Although cigarette smoke is a major risk factor for chronic obstructive pulmonary disease (COPD), genetic susceptibility may also be crucial to the progression of the disease because only 15% to 20% of heavy smokers develop clinically significant airway obstruction.1 However, the genes that link cigarette smoking and COPD susceptibility remain poorly understood. A report from Chan et al2 demonstrated that the early growth response 1 (EGR-1) polymorphisms are significantly associated with plasma total IgE and atopy in patients with asthma.

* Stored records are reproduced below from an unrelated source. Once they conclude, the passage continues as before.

lemma pullback_section_retraction:
  assumes p: "p \<in> hom K P0 A" and i: "i \<in> hom K A P0" "comp1 K p i = ide1 K A"
    and c1: "c1 \<in> hom K E1 A"
    and Q: "is_pullback K c1 (ide1 K A) Q a1 a2" and P: "is_pullback K c1 p P b1 b2"
    and h: "h \<in> hom K Q P" "comp1 K b1 h = a1" "comp1 K b2 h = comp1 K i a2"
  obtains r where "r \<in> hom K P Q" "comp1 K a1 r = b1" "comp1 K a2 r = comp1 K p b2" "comp1 K r h = ide1 K Q"
proof -
  have [simp]: "p \<in> arr K" "s1 K p = P0" "t1 K p = A" "i \<in> arr K" "s1 K i = A" "t1 K i = P0"
    "c1 \<in> arr K" "s1 K c1 = E1" "t1 K c1 = A" "h \<in> arr K" "s1 K h = Q" "t1 K h = P"
    using p i(1) c1 h(1) by (simp_all add: hom_def)
  have [simp]: "A \<in> obj K"
    using t1_in_obj[of p] by simp
  have [simp]: "Q \<in> obj K" "a1 \<in> arr K" "s1 K a1 = Q" "t1 K a1 = E1" "a2 \<in> arr K" "s1 K a2 = Q" "t1 K a2 = A"
    using pullback_square[OF Q] by (simp_all add: hom_def)
  have [simp]: "P \<in> obj K" "b1 \<in> arr K" "s1 K b1 = P" "t1 K b1 = E1" "b2 \<in> arr K" "s1 K b2 = P"
    "t1 K b2 = P0"
    and b12: "comp1 K c1 b1 = comp1 K p b2"
    using pullback_square[OF P] by (simp_all add: hom_def)
  obtain r where r: "r \<in> hom K P Q" "comp1 K a1 r = b1" "comp1 K a2 r = comp1 K p b2"
    using pullback_lift[OF Q, of P b1 "comp1 K p b2"] b12 by (auto simp: hom_def)
  have [simp]: "r \<in> arr K" "s1 K r = P" "t1 K r = Q"
    using r(1) by (simp_all add: hom_def)
  have "comp1 K a2 (comp1 K r h) = comp1 K (comp1 K a2 r) h"
    by simp
  also have "\<dots> = comp1 K p (comp1 K b2 h)"
    using r(3) by simp
  also have "\<dots> = comp1 K (comp1 K p i) a2"
    using h(3) by simp
  also have "\<dots> = a2"
    using i(2) by simp
  moreover have "comp1 K a1 (comp1 K r h) = a1"
    using r(2) h(2) by (simp flip: comp1_assoc)
  ultimately have "comp1 K r h = ide1 K Q"
    using pullback_hom_ext[OF Q, of "comp1 K r h" Q "ide1 K Q"] by (simp add: hom_def)
  with r that show ?thesis
    by blast
qed

lemma comma_pullback_counit:
  assumes f: "f \<in> hom K A B" and comma: "is_comma K f (ide1 K B) P0 p q l"
    and i: "i \<in> hom K A P0" "comp1 K p i = ide1 K A" "comp1 K q i = f" "wr K l i = ide2 K f"
    and c1: "c1 \<in> hom K E1 A"
    and Q: "is_pullback K c1 (ide1 K A) Q a1 a2" and P: "is_pullback K c1 p P b1 b2"
    and h: "h \<in> hom K Q P" "comp1 K b1 h = a1" "comp1 K b2 h = comp1 K i a2"
  obtains r \<sigma> where "r \<in> hom K P Q" "comp1 K r h = ide1 K Q" "\<sigma> \<in> cell2 K (comp1 K h r) (ide1 K P)"
    "wl K b1 \<sigma> = ide2 K b1" "wl K (comp1 K q b2) \<sigma> = wr K l b2"
proof -
  have [simp]: "f \<in> arr K" "s1 K f = A" "t1 K f = B" "i \<in> arr K" "s1 K i = A" "t1 K i = P0"
    "h \<in> arr K" "s1 K h = Q" "t1 K h = P"
    using f i(1) h(1) by (simp_all add: hom_def)
  have [simp]: "A \<in> obj K"
    using s1_in_obj[of f] by simp
  have [simp]: "p \<in> arr K" "s1 K p = P0" "t1 K p = A" "q \<in> arr K" "s1 K q = P0" "t1 K q = B"
    "l \<in> cell K" "cdom K l = comp1 K f p" "ccod K l = q"
    using comma_square[OF comma] t1_in_obj[of f] by (simp_all add: hom_def cell2_def)
  have [simp]: "P \<in> obj K" "b1 \<in> arr K" "s1 K b1 = P" "t1 K b1 = E1" "b2 \<in> arr K" "s1 K b2 = P"
    "t1 K b2 = P0"
    and b12: "comp1 K c1 b1 = comp1 K p b2"
    using pullback_square[OF P] c1 by (simp_all add: hom_def)
  obtain r where r: "r \<in> hom K P Q" "comp1 K a1 r = b1" "comp1 K a2 r = comp1 K p b2"
      "comp1 K r h = ide1 K Q"
    using pullback_section_retraction[OF _ i(1,2) c1 Q P h] by (auto simp: hom_def)
  have [simp]: "r \<in> arr K" "s1 K r = P" "t1 K r = Q" "a2 \<in> arr K" "s1 K a2 = Q" "t1 K a2 = A"
    using r(1) pullback_square[OF Q] by (simp_all add: hom_def)
  obtain \<sigma>0 where \<sigma>0: "\<sigma>0 \<in> cell2 K (comp1 K i p) (ide1 K P0)" "wl K p \<sigma>0 = ide2 K p" "wl K q \<sigma>0 = l"
    using comma_counit[OF comma f i] .
  have [simp]: "\<sigma>0 \<in> cell K" "cdom K \<sigma>0 = comp1 K i p" "ccod K \<sigma>0 = ide1 K P0"
    using \<sigma>0(1) by (simp_all add: cell2_def)
  have "comp1 K b2 (comp1 K h r) = comp1 K (comp1 K b2 h) r"
    by simp
  also have "\<dots> = comp1 K i (comp1 K a2 r)"
    using h(3) by simp
  finally have "comp1 K b2 (comp1 K h r) = comp1 K i (comp1 K p b2)"
    using r(3) by simp
  moreover have "comp1 K b1 (comp1 K h r) = b1" "wl K c1 (ide2 K b1) = wl K p (wr K \<sigma>0 b2)"
    using r(2) h(2) b12 \<sigma>0(2) c1 by (simp_all add: hom_def flip: comp1_assoc)
  ultimately have "\<exists>!\<sigma>. \<sigma> \<in> cell2 K (comp1 K h r) (ide1 K P) \<and> wl K b1 \<sigma> = ide2 K b1 \<and> wl K b2 \<sigma> = wr K \<sigma>0 b2"
    by (intro pullback_lift_2cell[OF P, of P]) (simp_all add: hom_def cell2_def)
  then obtain \<sigma> where \<sigma>: "\<sigma> \<in> cell2 K (comp1 K h r) (ide1 K P)" "wl K b1 \<sigma> = ide2 K b1"
      "wl K b2 \<sigma> = wr K \<sigma>0 b2"
    by blast
  have "wl K (comp1 K q b2) \<sigma> = wl K q (wr K \<sigma>0 b2)"
    using \<sigma> by (simp add: cell2_def flip: wl_wl)
  also have "\<dots> = wr K l b2"
    using \<sigma>0(3) by simp
  finally show ?thesis
    using that r(1,4) \<sigma>(1,2) by blast
qed

lemma yoneda_comma:
  assumes f: "f \<in> hom K A B" and comma: "is_comma K f (ide1 K B) P0 p q l"
    and i: "i \<in> hom K A P0" "comp1 K p i = ide1 K A" "comp1 K q i = f" "wr K l i = ide2 K f"
    and c1: "c1 \<in> hom K E1 A" and d1: "d1 \<in> hom K E1 X"
    and Q: "is_pullback K c1 (ide1 K A) Q a1 a2" and P: "is_pullback K c1 p P b1 b2"
    and h: "h \<in> hom K Q P" "comp1 K b1 h = a1" "comp1 K b2 h = comp1 K i a2"
    and df: "discrete_fibration K X B (d2, E2, c2)"
    and \<phi>: "\<phi> \<in> hom K Q E2" "comp1 K d2 \<phi> = comp1 K d1 a1" "comp1 K c2 \<phi> = comp1 K f a2"
  shows "\<exists>!\<psi>. \<psi> \<in> hom K P E2 \<and> comp1 K d2 \<psi> = comp1 K d1 b1 \<and> comp1 K c2 \<psi> = comp1 K q b2 \<and>
    comp1 K \<psi> h = \<phi>"
proof -
  obtain r \<sigma> where r: "r \<in> hom K P Q" "comp1 K r h = ide1 K Q"
      and \<sigma>: "\<sigma> \<in> cell2 K (comp1 K h r) (ide1 K P)" "wl K b1 \<sigma> = ide2 K b1"
        "wl K (comp1 K q b2) \<sigma> = wr K l b2"
    using comma_pullback_counit[OF f comma i c1 Q P h] .
  have [simp]: "f \<in> arr K" "s1 K f = A" "t1 K f = B" "i \<in> arr K" "s1 K i = A" "t1 K i = P0"
    "d1 \<in> arr K" "s1 K d1 = E1" "t1 K d1 = X" "h \<in> arr K" "s1 K h = Q" "t1 K h = P"
    "r \<in> arr K" "s1 K r = P" "t1 K r = Q" "\<sigma> \<in> cell K" "cdom K \<sigma> = comp1 K h r" "ccod K \<sigma> = ide1 K P"
    using f i(1) d1 h(1) r(1) \<sigma>(1) by (simp_all add: hom_def cell2_def)
  have [simp]: "p \<in> arr K" "s1 K p = P0" "t1 K p = A" "q \<in> arr K" "s1 K q = P0" "t1 K q = B"
    "l \<in> cell K" "cdom K l = comp1 K f p"
    using comma_square[OF comma] s1_in_obj[of f] t1_in_obj[of f] by (simp_all add: hom_def cell2_def)
  have [simp]: "A \<in> obj K"
    using s1_in_obj[of f] by simp
  have [simp]: "a2 \<in> arr K" "s1 K a2 = Q" "t1 K a2 = A"
    using pullback_square[OF Q] by (simp_all add: hom_def)
  have [simp]: "b1 \<in> arr K" "s1 K b1 = P" "t1 K b1 = E1" "b2 \<in> arr K" "s1 K b2 = P" "t1 K b2 = P0"
    using pullback_square[OF P] c1 by (simp_all add: hom_def)
  have "comp1 K (comp1 K q b2) h = comp1 K q (comp1 K i a2)"
    using h(3) by simp
  also have "\<dots> = comp1 K (comp1 K q i) a2"
    by simp
  finally have qb2h: "comp1 K (comp1 K q b2) h = comp1 K f a2"
    using i(3) by simp
  have D\<sigma>: "wl K (comp1 K d1 b1) \<sigma> = ide2 K (comp1 K d1 b1)"
    using \<sigma>(2) by (simp flip: wl_wl)
  have "wr K (wl K (comp1 K q b2) \<sigma>) h = wr K l (comp1 K i a2)"
    using \<sigma>(3) h(3) by simp
  also have "\<dots> = wr K (wr K l i) a2"
    by simp
  finally have C\<sigma>h: "wr K (wl K (comp1 K q b2) \<sigma>) h = ide2 K (comp1 K (comp1 K q b2) h)"
    using i(4) qb2h by simp
  have "comp1 K d2 \<phi> = comp1 K (comp1 K d1 b1) h" "comp1 K c2 \<phi> = comp1 K (comp1 K q b2) h"
    using \<phi>(2,3) h(2) qb2h by simp_all
  moreover have "comp1 K d1 b1 \<in> hom K P X" "comp1 K q b2 \<in> hom K P B"
    by (simp_all add: hom_def)
  ultimately show ?thesis
    using dfib_extension_unique[OF df h(1) r _ _ \<sigma>(1) D\<sigma> C\<sigma>h \<phi>(1)] by blast
qed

Our previous report also showed that EGR-1 is a genetic susceptibility factor that can control the production of matrix metalloproteinase (MMP-2 and MT1-MMP) to overwhelm the antiprotease systems and lead to destruction of alveolar septal architecture.3,4 In addition, EGR-1 can also stimulate heat shock protein 70 elevation in an Erk1/2-dependent manner, which may regulate the cigarette smoke–induced inflammatory processes.5
The transcription factor EGR-1 is the product of the EGR-1 gene, which belongs to the immediate-early gene family of proteins and is often rapidly and transiently activated by a variety of stress signals, such as osmotic pressure variation, heat shock, hypoxia, DNA-damaging agents, radiation, injury, and stretch.6–13 As an important zinc finger transcription factor, the function of EGR-1 is dependent on the expression of its target genes. EGR-1 can recognize highly conserved consensus GC-rich nucleotide sequences (GCGG/TGGGCG)13–16 and directly activate the transcription of many genes, including immune effector genes, such as cytokine interleukin (IL) 217 and proinflammation immune mediator tumor necrosis factor α (TNF-α),18 and cell surface molecules, such as IL-2 receptor,19 Fas/CD95,20 and intracellular adhesion molecule 1.21 Through the regulation of its target genes, EGR-1 plays important roles in various cellular programs, including cell proliferation, differentiation, and apoptosis.13 Although several downstream genes may be related to the pulmonary inflammatory response,4,5,22,23 a detailed mechanism for the function of EGR-1 in cigarette smoke–related pulmonary diseases still remains largely unknown.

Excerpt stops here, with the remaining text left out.